─── STUDY MATERIAL ───

(* Let $m$ be odd and $L=L'$. For $a\in\mathcal{R}$ the Lee weight of $ev(a)=(Tr(ax))_{x\in L'}$ is: (a) $0$ if $a=0$; (b) $3^{3m}$ if $a=(u-1)^2a_3$ with $a_3\in\mathbb{F}_{3^m}^*$; (c) $3^{3m}-3^{2m}$ if $a\in\mathcal{R}\setminus\langle (u-1)^2\rangle$.
   Context: Let $R=\mathbb{F}_3[u]/(u^3-1)$ and $\mathcal{R}=\mathbb{F}_{3^m}[u]/(u^3-1)=\mathbb{F}_{3^m}+u\mathbb{F}_{3^m}+u^2\mathbb{F}_{3^m}$. Every element of $\mathcal{R}$ is uniquely $x_1+x_2(u-1)+x_3(u-1)^2$ with $x_i\in\mathbb{F}_{3^m}$; units are those with $x_1\neq0$. $\langle (u-1)^2\rangle=\{(u-1)^2a_3:a_3\in\mathbb{F}_{3^m}\}$. $Tr:\mathcal{R}\to R$ is $Tr(a+ub+u^2c)=tr(a)+u\,tr(b)+u^2tr(c)$, with $tr$ the absolute trace $\mathbb{F}_{3^m}\to\mathbb{F}_3$. $\mathcal{Q}$ denotes the nonzero squares of $\mathbb{F}_{3^m}$; $L'=\{x_1+x_2(u-1)+x_3(u-1)^2:x_1\in\mathcal{Q},x_2,x_3\in\mathbb{F}_{3^m}\}$. The Gray map $\phi:R\to\mathbb{F}_3^3$ is $\phi(a'+ub'+u^2c')=(a',b',c')$, extended coordinatewise to $R^n\to\mathbb{F}_3^{3n}$; the Lee weight $w_L(v)$ of $v\in R^n$ is the Hamming weight of $\phi(v)$. *)

theory Defs
  imports Main
begin

text \<open>The field F_{3^m} is modelled by a finite field type 'a with CARD('a) = 3^m.
An element a + u b + u^2 c of R = F_{3^m}[u]/(u^3-1) is the triple (a, b, c).\<close>

type_synonym 'a uring = "'a \<times> 'a \<times> 'a"

definition rmul :: "'a::comm_ring_1 uring \<Rightarrow> 'a uring \<Rightarrow> 'a uring" where
  "rmul x y = (case x of (a, b, c) \<Rightarrow> case y of (a', b', c') \<Rightarrow>
     (a*a' + b*c' + c*b', a*b' + b*a' + c*c', a*c' + b*b' + c*a'))"

text \<open>The element x1 + x2 (u-1) + x3 (u-1)^2, expanded in the basis 1, u, u^2.\<close>
definition ufrom :: "'a::comm_ring_1 \<Rightarrow> 'a \<Rightarrow> 'a \<Rightarrow> 'a uring" where
  "ufrom x1 x2 x3 = (x1 - x2 + x3, x2 - 2*x3, x3)"

text \<open>Absolute trace F_{3^m} \<rightarrow> F_3 (values lie in the prime subfield).\<close>
definition tr :: "nat \<Rightarrow> 'a::comm_ring_1 \<Rightarrow> 'a" where
  "tr m x = (\<Sum>i<m. x ^ (3 ^ i))"

definition Tr :: "nat \<Rightarrow> 'a::comm_ring_1 uring \<Rightarrow> 'a uring" where
  "Tr m x = (case x of (a, b, c) \<Rightarrow> (tr m a, tr m b, tr m c))"

definition Qsq :: "'a::comm_ring_1 set" where
  "Qsq = {y. y \<noteq> 0 \<and> (\<exists>z. y = z^2)}"

definition Lprime :: "'a::comm_ring_1 uring set" where
  "Lprime = {ufrom x1 x2 x3 | x1 x2 x3. x1 \<in> Qsq}"

text \<open>Lee weight of an element of R = F_3[u]/(u^3-1): Hamming weight of its Gray image
  (a', b', c'), i.e. the number of nonzero coordinates.\<close>
definition lee_wt1 :: "'a::zero uring \<Rightarrow> nat" where
  "lee_wt1 x = (case x of (a, b, c) \<Rightarrow>
     (if a \<noteq> 0 then 1 else 0) + (if b \<noteq> 0 then 1 else 0) + (if c \<noteq> 0 then 1 else 0))"

definition lee_wt :: "'i set \<Rightarrow> ('i \<Rightarrow> 'a::zero uring) \<Rightarrow> nat" where
  "lee_wt I v = (\<Sum>i\<in>I. lee_wt1 (v i))"

definition ev :: "nat \<Rightarrow> 'a::comm_ring_1 uring \<Rightarrow> 'a uring \<Rightarrow> 'a uring" where
  "ev m a = (\<lambda>x. Tr m (rmul a x))"

definition ideal_u1sq :: "'a::comm_ring_1 uring set" where
  "ideal_u1sq = {ufrom 0 0 a3 | a3. True}"

end

theory Submission
  imports Defs "HOL-Computational_Algebra.Polynomial" "HOL-Computational_Algebra.Primes"
begin

text \<open>
  In characteristic 3 the trace is additive and satisfies \<open>tr x ^ 3 = tr x\<close>, so it is a
  nonzero additive map onto \<open>F\<^sub>3\<close> and takes each value \<open>3 ^ (m - 1)\<close> times.
  For \<open>a = p + u q + u\<^sup>2 r\<close> and \<open>x = x\<^sub>1 + x\<^sub>2 (u - 1) + x\<^sub>3 (u - 1)\<^sup>2\<close>,
  the three coordinates of \<open>Tr (a x)\<close> are traces of linear forms in \<open>(x\<^sub>1, x\<^sub>2, x\<^sub>3)\<close>.
  Unless \<open>p = q = r\<close>, which in characteristic 3 means \<open>a \<in> \<langle>(u - 1)\<^sup>2\<rangle>\<close>, each form has
  a nonzero \<open>(x\<^sub>2, x\<^sub>3)\<close>-part, so for every \<open>x\<^sub>1\<close> its trace is nonzero on two thirds
  of the \<open>(x\<^sub>2, x\<^sub>3)\<close>-plane; with \<open>2 |Q| = 3 ^ m - 1\<close> this gives \<open>3 ^ 3m - 3 ^ 2m\<close>.
  If \<open>a = (u - 1)\<^sup>2 a\<^sub>3 = a\<^sub>3 (1 + u + u\<^sup>2)\<close>, all three coordinates equal \<open>tr (a\<^sub>3 x\<^sub>1)\<close>.
  For odd \<open>m\<close>, \<open>-1\<close> is a non-square, so \<open>Q\<close> and \<open>-Q\<close> split the nonzero elements,
  and as \<open>y \<mapsto> tr (a\<^sub>3 y)\<close> is odd, exactly half of its \<open>2 \<cdot> 3 ^ (m - 1)\<close> non-zeros lie in \<open>Q\<close>.
\<close>

lemma of_nat_card_UNIV_eq_0: "of_nat (card (UNIV :: 'a :: {ring_1, finite} set)) = (0 :: 'a)"
proof -
  have "(\<Sum>y\<in>UNIV. 1 + y) = (\<Sum>y\<in>UNIV. y :: 'a)"
    by (rule sum.reindex_bij_witness[where i = "\<lambda>y. y - 1" and j = "\<lambda>y. 1 + y"]) auto
  then show ?thesis by (simp add: sum.distrib)
qed

lemma CHAR_eq_if_card_eq_prime_power:
  assumes "card (UNIV :: 'a :: {field, finite} set) = p ^ m" and "prime p"
  shows "CHAR('a) = p"
proof -
  have "prime CHAR('a)"
    by (intro prime_CHAR_semidom finite_imp_CHAR_pos) simp
  moreover have "CHAR('a) dvd p ^ m"
    using of_nat_card_UNIV_eq_0[where 'a = 'a] assms(1) of_nat_eq_0_iff_char_dvd by metis
  ultimately show ?thesis
    using assms(2) by (metis prime_dvd_power primes_dvd_imp_eq)
qed

lemma CHAR_eq_3_if_card_eq_power:
  "card (UNIV :: 'a :: {field, finite} set) = 3 ^ m \<Longrightarrow> CHAR('a) = 3"
  using CHAR_eq_if_card_eq_prime_power by fastforce

lemma two_neq_0_if_CHAR_eq_3: "CHAR('a :: comm_ring_1) = 3 \<Longrightarrow> (2 :: 'a) \<noteq> 0"
  using of_nat_eq_0_iff_char_dvd[where 'a = 'a and n = 2] by simp

lemma power3_odd_mod_4:
  assumes "odd m" shows "(3::nat) ^ m mod 4 = 3"
proof -
  obtain j where "m = 2 * j + 1"
    using assms by (rule oddE)
  then have "(3::nat) ^ m = 3 * 9 ^ j"
    by (simp add: power_mult)
  moreover have "(9::nat) ^ j mod 4 = 1"
    using power_mod[of "9::nat" 4 j] by simp
  ultimately show ?thesis
    by (simp add: mod_mult_right_eq[of 3, symmetric])
qed

text \<open>The library version \<open>finite_field_power_card_eq_same\<close> needs the type class
  \<open>finite_field\<close>, which the sort \<open>{field, finite}\<close> does not provide.\<close>

lemma finite_field_power_card_eq_self:
  fixes x :: "'a :: {field, finite}"
  shows "x ^ card (UNIV :: 'a set) = x"
proof (cases "x = 0")
  case False
  let ?U = "UNIV - {0 :: 'a}"
  have "(\<Prod>y\<in>?U. x * y) = (\<Prod>y\<in>?U. y)"
    by (rule prod.reindex_bij_witness[where i = "\<lambda>y. y / x" and j = "\<lambda>y. x * y"])
      (use False in auto)
  moreover have "(\<Prod>y\<in>?U. x * y) = x ^ card ?U * (\<Prod>y\<in>?U. y)"
    by (simp add: prod.distrib)
  moreover have "(\<Prod>y\<in>?U. y) \<noteq> 0"
    by simp
  ultimately have power_card_U: "x ^ card ?U = 1"
    by simp
  have "card (UNIV :: 'a set) = Suc (card ?U)"
    using finite_UNIV_card_ge_0[where 'a = 'a] by (simp add: card_Diff_singleton)
  then show ?thesis
    by (simp only: power_Suc power_card_U mult_1_right)
qed (simp add: finite_UNIV_card_ge_0)

lemma card_fibre_eq_card_kernel:
  fixes f :: "'a :: ab_group_add \<Rightarrow> 'b :: ab_group_add"
  assumes additive: "\<And>x y. f (x + y) = f x + f y"
  shows "card {x. f x = f x0} = card {x. f x = 0}"
proof -
  have "{x. f x = f x0} = (\<lambda>y. y + x0) ` {x. f x = 0}"
  proof (intro set_eqI iffI)
    fix x assume "x \<in> {x. f x = f x0}"
    moreover have "f x = f (x - x0) + f x0" using additive[of "x - x0" x0] by simp
    ultimately show "x \<in> (\<lambda>y. y + x0) ` {x. f x = 0}"
      by (intro rev_image_eqI[of "x - x0"]) auto
  qed (auto simp: additive)
  then show ?thesis by (simp add: card_image)
qed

───

WHAT YOU ARE ASKED TO DO
Lines from the one containing "card ?U * (\<Prod>y\<in>?U." through the last line of the records, both included, are the only ones to print, each exactly as it is.

YOUR SOLUTION
  moreover have "(\<Prod>y\<in>?U. x * y) = x ^ card ?U * (\<Prod>y\<in>?U. y)"
    by (simp add: prod.distrib)
  moreover have "(\<Prod>y\<in>?U. y) \<noteq> 0"
    by simp
  ultimately have power_card_U: "x ^ card ?U = 1"
    by simp
  have "card (UNIV :: 'a set) = Suc (card ?U)"
    using finite_UNIV_card_ge_0[where 'a = 'a] by (simp add: card_Diff_singleton)
  then show ?thesis
    by (simp only: power_Suc power_card_U mult_1_right)
qed (simp add: finite_UNIV_card_ge_0)

lemma card_fibre_eq_card_kernel:
  fixes f :: "'a :: ab_group_add \<Rightarrow> 'b :: ab_group_add"
  assumes additive: "\<And>x y. f (x + y) = f x + f y"
  shows "card {x. f x = f x0} = card {x. f x = 0}"
proof -
  have "{x. f x = f x0} = (\<lambda>y. y + x0) ` {x. f x = 0}"
  proof (intro set_eqI iffI)
    fix x assume "x \<in> {x. f x = f x0}"
    moreover have "f x = f (x - x0) + f x0" using additive[of "x - x0" x0] by simp
    ultimately show "x \<in> (\<lambda>y. y + x0) ` {x. f x = 0}"
      by (intro rev_image_eqI[of "x - x0"]) auto
  qed (auto simp: additive)
  then show ?thesis by (simp add: card_image)
qed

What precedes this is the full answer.